> _PROBLEM STATEMENT_
Scan the material below for "rule", then return each line that contains it.

> _RECORDS TO PROCESS_
lemma gap_sum_block_ge:
  fixes a :: "nat \<Rightarrow> real"
  assumes sm: "strict_mono a" and nn: "\<And>n. 0 \<le> a n" and m: "1 \<le> m"
  shows "(real m / 2) * (real m / (2 * a (3 * m))) ^ (h - 1)
      * (\<Sum>r\<in>{1..m}. real ((r - 1) choose (h - 2)) / real r ^ (h - 1)) \<le> gap_sum h a m (2 * m)"
proof -
  let ?T = "(real m / 2) * (real m / (2 * a (3 * m))) ^ (h - 1)"
  let ?w = "\<lambda>j r. real ((r - 1) choose (h - 2)) / (a (j + r) - a j) ^ (h - 1)"
  have pos: "0 < a (j + r) - a j" if "1 \<le> r" for j r
    using sm that unfolding strict_mono_def by simp
  have "a 0 < a (3 * m)" using sm m unfolding strict_mono_def by simp
  then have A: "0 < a (3 * m)" using nn[of 0] by linarith
  have markov: "?T / real r ^ (h - 1) \<le> (\<Sum>j\<in>{m..<2 * m}. 1 / (a (j + r) - a j) ^ (h - 1))"
    if r: "r \<in> {1..m}" for r
  proof -
    have "real m / (2 * (real r * a (3 * m))) = (real m / (2 * a (3 * m))) / real r" by simp
    then have "?T / real r ^ (h - 1) = (real m / 2) * (real m / (2 * (real r * a (3 * m)))) ^ (h - 1)"
      by (simp only: power_divide times_divide_eq_right)
    also have "\<dots> \<le> (\<Sum>j\<in>{m..<2 * m}. 1 / (a (j + r) - a j) ^ (h - 1))"
      using sum_inverse_power_ge_of_sum_le[of "{m..<2 * m}" "\<lambda>j. a (j + r) - a j" "real r * a (3 * m)"]
        sum_gaps_le[OF strict_mono_mono[OF sm] nn, of r m] pos r A by simp
    finally show ?thesis .
  qed
  have "?T * (\<Sum>r\<in>{1..m}. real ((r - 1) choose (h - 2)) / real r ^ (h - 1))
      = (\<Sum>r\<in>{1..m}. real ((r - 1) choose (h - 2)) * (?T / real r ^ (h - 1)))"
    by (simp add: sum_distrib_left mult.commute)
  also have "\<dots> \<le> (\<Sum>r\<in>{1..m}. real ((r - 1) choose (h - 2))
      * (\<Sum>j\<in>{m..<2 * m}. 1 / (a (j + r) - a j) ^ (h - 1)))"
    using markov by (intro sum_mono mult_left_mono) auto
  also have "\<dots> = (\<Sum>r\<in>{1..m}. \<Sum>j\<in>{m..<2 * m}. ?w j r)"
    by (simp add: sum_distrib_left)
  also have "\<dots> = (\<Sum>j\<in>{m..<2 * m}. \<Sum>r\<in>{1..m}. ?w j r)" by (rule sum.swap)
  also have "\<dots> \<le> gap_sum h a m (2 * m)"
    unfolding gap_sum_def
  proof (intro sum_mono sum_mono2)
    fix j r assume "r \<in> {1..j} - {1..m}"
    then show "0 \<le> ?w j r" using pos[of r j] by simp
  qed auto
  finally show ?thesis .
qed

lemma one_le_double_power_self: "1 \<le> (2 * real q) ^ q"
proof (cases "q = 0")
  case False
  then have "1 \<le> 2 * real q" by simp
  then show ?thesis by (rule one_le_power)
qed simp

lemma inverse_le_binomial_div_power:
  assumes r: "q + 2 \<le> r"
  shows "1 / ((2 * real q) ^ q * real r) \<le> real ((r - 1) choose q) / real r ^ Suc q"
proof -
  have "real r / (2 * real q) \<le> real (r - 1) / real q"
    using r by (cases "q = 0") (auto simp: field_simps)
  then have "(real r / (2 * real q)) ^ q \<le> (real (r - 1) / real q) ^ q"
    by (intro power_mono) auto
  also have "\<dots> \<le> real ((r - 1) choose q)" using r by (intro binomial_ge_n_over_k_pow_k) simp
  finally have c: "(real r / (2 * real q)) ^ q \<le> real ((r - 1) choose q)" .
  have rp: "0 < real r" using r by simp
  have "1 / ((2 * real q) ^ q * real r) = (real r / (2 * real q)) ^ q / real r ^ Suc q"
    using rp by (simp add: power_divide field_simps)
  also have "\<dots> \<le> real ((r - 1) choose q) / real r ^ Suc q"
    using c rp by (intro divide_right_mono) auto
  finally show ?thesis .
qed

lemma ln_le_sum_binomial_inverse_power:
  assumes lnm: "2 * real h \<le> ln (real m)" and h2: "2 \<le> h"
  shows "ln (real m) / (2 * (2 * real (h - 2)) ^ (h - 2))
    \<le> (\<Sum>r\<in>{1..m}. real ((r - 1) choose (h - 2)) / real r ^ (h - 1))"
proof -
  define q where "q = h - 2"
  define b where "b = (2 * real q) ^ q"
  have b1: "1 \<le> b" unfolding b_def by (rule one_le_double_power_self)
  have hq: "h - 1 = Suc q" using h2 unfolding q_def by simp
  have m1: "q + 1 \<le> m"
  proof (rule ccontr)
    assume "\<not> q + 1 \<le> m"
    then have "real m \<le> real h" unfolding q_def by simp
    moreover have "0 < real m" using lnm h2 by (cases "m = 0") auto
    ultimately have "ln (real m) \<le> ln (real h)" by simp
    also have "\<dots> < real h" using ln_less_self[of "real h"] h2 by simp
    finally show False using lnm h2 by simp
  qed
  have split: "{1..m} = {1..q + 1} \<union> {q + 2..m}" using m1 by auto
  have "ln (real m) \<le> ln (real m + 1)" using m1 by simp
  also have "\<dots> \<le> harm m" by (rule ln_le_harm)
  also have "harm m = (\<Sum>r\<in>{1..q + 1}. 1 / real r) + (\<Sum>r\<in>{q + 2..m}. 1 / real r)"
    unfolding harm_def split by (subst sum.union_disjoint) (auto simp: divide_inverse)
  also have "(\<Sum>r\<in>{1..q + 1}. 1 / real r) \<le> real (q + 1)"
    using sum_bounded_above[of "{1..q + 1}" "\<lambda>r. 1 / real r" 1] by simp
  finally have "ln (real m) / 2 \<le> (\<Sum>r\<in>{q + 2..m}. 1 / real r)"
    using lnm h2 unfolding q_def by simp
  then have "ln (real m) / (2 * b) \<le> (\<Sum>r\<in>{q + 2..m}. 1 / real r) / b"
    using b1 by (simp add: divide_right_mono flip: divide_divide_eq_left)
  also have "\<dots> = (\<Sum>r\<in>{q + 2..m}. 1 / (b * real r))" by (simp add: sum_divide_distrib mult.commute)
  also have "\<dots> \<le> (\<Sum>r\<in>{q + 2..m}. real ((r - 1) choose q) / real r ^ Suc q)"
    unfolding b_def by (intro sum_mono inverse_le_binomial_div_power) auto
  also have "\<dots> \<le> (\<Sum>r\<in>{1..m}. real ((r - 1) choose q) / real r ^ Suc q)"
    by (rule sum_mono2) auto
  finally show ?thesis unfolding b_def q_def hq[unfolded q_def] .
qed

lemma dense_block_weight_ge:
  fixes A b c \<alpha> :: real and m h :: nat
  assumes h2: "2 \<le> h" and c: "0 < c" and \<alpha>: "0 < \<alpha>" and b: "1 \<le> b" and m3: "3 \<le> m"
    and A: "0 < A" and dense: "c * A ^ (h - 1) \<le> real (3 * m + 1) ^ h * ln A"
    and lnA: "ln A \<le> \<alpha> * ln (real (3 * m))"
  shows "c / (2 ^ (h + 2) * b * \<alpha> * 4 ^ h)
    \<le> (real m / 2) * (real m / (2 * A)) ^ (h - 1) * (ln (real m) / (2 * b))"
proof -
  define P where "P = A ^ (h - 1)"
  define L where "L = ln (real m)"
  define M where "M = real m ^ h"
  have P: "0 < P" unfolding P_def using A by simp
  have M: "0 < M" unfolding M_def using m3 by simp
  have T: "(real m / 2) * (real m / (2 * A)) ^ (h - 1) = M / (2 ^ h * P)"
  proof -
    have hS: "h = Suc (h - 1)" using h2 by simp
    have "(real m / 2) * (real m / (2 * A)) ^ (h - 1) = (real m / 2) * (real m ^ (h - 1) / (2 ^ (h - 1) * P))"
      unfolding P_def by (simp add: power_divide power_mult_distrib)
    also have "\<dots> = (real m * real m ^ (h - 1)) / (2 * 2 ^ (h - 1) * P)" by (simp add: field_simps)
    also have "\<dots> = M / (2 ^ h * P)" unfolding M_def by (subst (1 2) hS) simp
    finally show ?thesis .
  qed
  have "0 < c * P" using c P by simp
  then have "0 < real (3 * m + 1) ^ h * ln A" using dense unfolding P_def by linarith
  then have lnA_pos: "0 < ln A" by (simp add: zero_less_mult_iff)
  have "ln (real (3 * m)) = ln 3 + L" unfolding L_def using m3 by (simp add: ln_mult)
  moreover have "ln 3 \<le> L" unfolding L_def using m3 by simp
  ultimately have lnA': "ln A \<le> \<alpha> * (2 * L)"
    using lnA \<alpha> by (smt (verit) mult_left_mono)
  have "real (3 * m + 1) \<le> 4 * real m" using m3 by simp
  then have "real (3 * m + 1) ^ h \<le> (4 * real m) ^ h" by (intro power_mono) auto
  then have p4: "real (3 * m + 1) ^ h \<le> 4 ^ h * M" unfolding M_def by (simp add: power_mult_distrib)
  have "c * P \<le> real (3 * m + 1) ^ h * ln A" using dense unfolding P_def .
  also have "\<dots> \<le> (4 ^ h * M) * ln A" using p4 lnA_pos by (intro mult_right_mono) auto
  also have "\<dots> \<le> (4 ^ h * M) * (\<alpha> * (2 * L))" using lnA' M by (intro mult_left_mono) auto
  finally have key: "c * P \<le> 2 * \<alpha> * 4 ^ h * M * L" by (simp add: ac_simps)
  have "c / (2 ^ (h + 2) * b * \<alpha> * 4 ^ h) = (c * P) / (2 ^ (h + 2) * b * \<alpha> * 4 ^ h * P)" using P by simp
  also have "\<dots> \<le> (2 * \<alpha> * 4 ^ h * M * L) / (2 ^ (h + 2) * b * \<alpha> * 4 ^ h * P)"
    using key P b \<alpha> by (intro divide_right_mono) auto
  also have "\<dots> = M / (2 ^ h * P) * (L / (2 * b))" using \<alpha> b P by (simp add: field_simps power_add)
  finally show ?thesis unfolding T L_def .
qed

lemma gap_sum_dyadic_block_ge:
  fixes a :: "nat \<Rightarrow> real" and c \<alpha> :: real
  assumes sm: "strict_mono a" and nn: "\<And>n. 0 \<le> a n" and h2: "2 \<le> h" and c: "0 < c" and \<alpha>: "0 < \<alpha>"
    and k: "n0 + 3 * h \<le> k"
    and dense: "\<And>n. n0 \<le> n \<Longrightarrow> c * a n ^ (h - 1) \<le> real (n + 1) ^ h * ln (a n)"
    and lna: "\<And>n. n0 \<le> n \<Longrightarrow> ln (a n) \<le> \<alpha> * ln (real n)"
  shows "c / (2 ^ (h + 2) * (2 * real (h - 2)) ^ (h - 2) * \<alpha> * 4 ^ h) \<le> gap_sum h a (2 ^ k) (2 ^ Suc k)"
proof -
  define m :: nat where "m = 2 ^ k"
  let ?T = "(real m / 2) * (real m / (2 * a (3 * m))) ^ (h - 1)"
  have "k < m" unfolding m_def by (rule less_exp)
  then have m: "n0 \<le> 3 * m" "3 \<le> m" using k h2 by linarith+
  have "2 * real h \<le> real k * (2 / 3)" using k by simp
  also have "\<dots> \<le> real k * ln 2" using ln2_ge_two_thirds by (intro mult_left_mono) auto
  also have "\<dots> = ln (real m)" unfolding m_def by (simp add: ln_realpow)
  finally have lnm: "2 * real h \<le> ln (real m)" .
  have "a 0 < a (3 * m)" using sm m unfolding strict_mono_def by simp
  then have A: "0 < a (3 * m)" using nn[of 0] by linarith
  have "c / (2 ^ (h + 2) * (2 * real (h - 2)) ^ (h - 2) * \<alpha> * 4 ^ h)
      \<le> ?T * (ln (real m) / (2 * (2 * real (h - 2)) ^ (h - 2)))"
    using dense_block_weight_ge[OF h2 c \<alpha> one_le_double_power_self m(2) A dense[OF m(1)] lna[OF m(1)]] .
  also have "\<dots> \<le> ?T * (\<Sum>r\<in>{1..m}. real ((r - 1) choose (h - 2)) / real r ^ (h - 1))"
    using ln_le_sum_binomial_inverse_power[OF lnm h2] A by (intro mult_left_mono) auto
  also have "\<dots> \<le> gap_sum h a m (2 * m)"
    using gap_sum_block_ge[OF sm nn] m by simp
  finally show ?thesis unfolding m_def by simp
qed

subsection \<open>Growth of a dense enumeration\<close>

lemma ln_le_of_le_mult_ln:
  fixes x Y :: real
  assumes x: "1 \<le> x" and Y: "1 \<le> Y" and le: "x \<le> Y * ln x"
  shows "ln x \<le> 2 * ln (2 * Y)"
proof -
  have sx: "0 < sqrt x" using x by simp
  have "ln (sqrt x) \<le> sqrt x - 1" by (rule ln_le_minus_one[OF sx])
  then have "ln x \<le> 2 * sqrt x" using x ln_sqrt[of x] by simp
  then have "x \<le> Y * (2 * sqrt x)" using le Y by (smt (verit) mult_left_mono)
  moreover have "sqrt x * sqrt x = x" using x by simp
  ultimately have "sqrt x * sqrt x \<le> (2 * Y) * sqrt x" by simp
  then have "sqrt x \<le> 2 * Y" using sx by (rule mult_right_le_imp_le)
  then have "ln (sqrt x) \<le> ln (2 * Y)" using sx Y by (subst ln_le_cancel_iff) auto
  then show ?thesis using x ln_sqrt[of x] by simp
qed

lemma power_bound_of_density_bound:
  fixes C x :: real and n h :: nat
  assumes h1: "1 \<le> h" and C: "0 < C" and x: "1 < x"
    and f: "C < real (n + 1) * (x * ln x) powr (1 / real h) / x"
  shows "C ^ h * x ^ (h - 1) < real (n + 1) ^ h * ln x"
proof -
  define y where "y = x * ln x"
  have y: "0 < y" unfolding y_def using x by simp
  have "C * x < real (n + 1) * y powr (1 / real h)"
    using f x unfolding y_def by (simp add: pos_less_divide_eq)
  then have "(C * x) ^ h < (real (n + 1) * y powr (1 / real h)) ^ h"
    using C x h1 by (intro power_strict_mono) auto
  also have "\<dots> = real (n + 1) ^ h * (y powr (1 / real h)) powr real h"
    using y by (simp add: power_mult_distrib powr_realpow)
  also have "\<dots> = real (n + 1) ^ h * y" using h1 y by (simp add: powr_powr)
  finally have "(C * x) ^ h < real (n + 1) ^ h * y" .
  moreover have "(C * x) ^ h = (C ^ h * x ^ (h - 1)) * x"
    using h1 power_Suc2[of x "h - 1"] by (simp add: power_mult_distrib)
  ultimately have "(C ^ h * x ^ (h - 1)) * x < (real (n + 1) ^ h * ln x) * x"
    unfolding y_def by (simp add: ac_simps)
  then show ?thesis using x by simp
qed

> _SOLVED EXERCISE_
  also have "\<dots> = (\<Sum>j\<in>{m..<2 * m}. \<Sum>r\<in>{1..m}. ?w j r)" by (rule sum.swap)
  then show ?thesis by (rule one_le_power)
  have b1: "1 \<le> b" unfolding b_def by (rule one_le_double_power_self)
  proof (rule ccontr)
  also have "\<dots> \<le> harm m" by (rule ln_le_harm)
    by (rule sum_mono2) auto
  have "k < m" unfolding m_def by (rule less_exp)
  have "ln (sqrt x) \<le> sqrt x - 1" by (rule ln_le_minus_one[OF sx])
  then have "sqrt x \<le> 2 * Y" using sx by (rule mult_right_le_imp_le)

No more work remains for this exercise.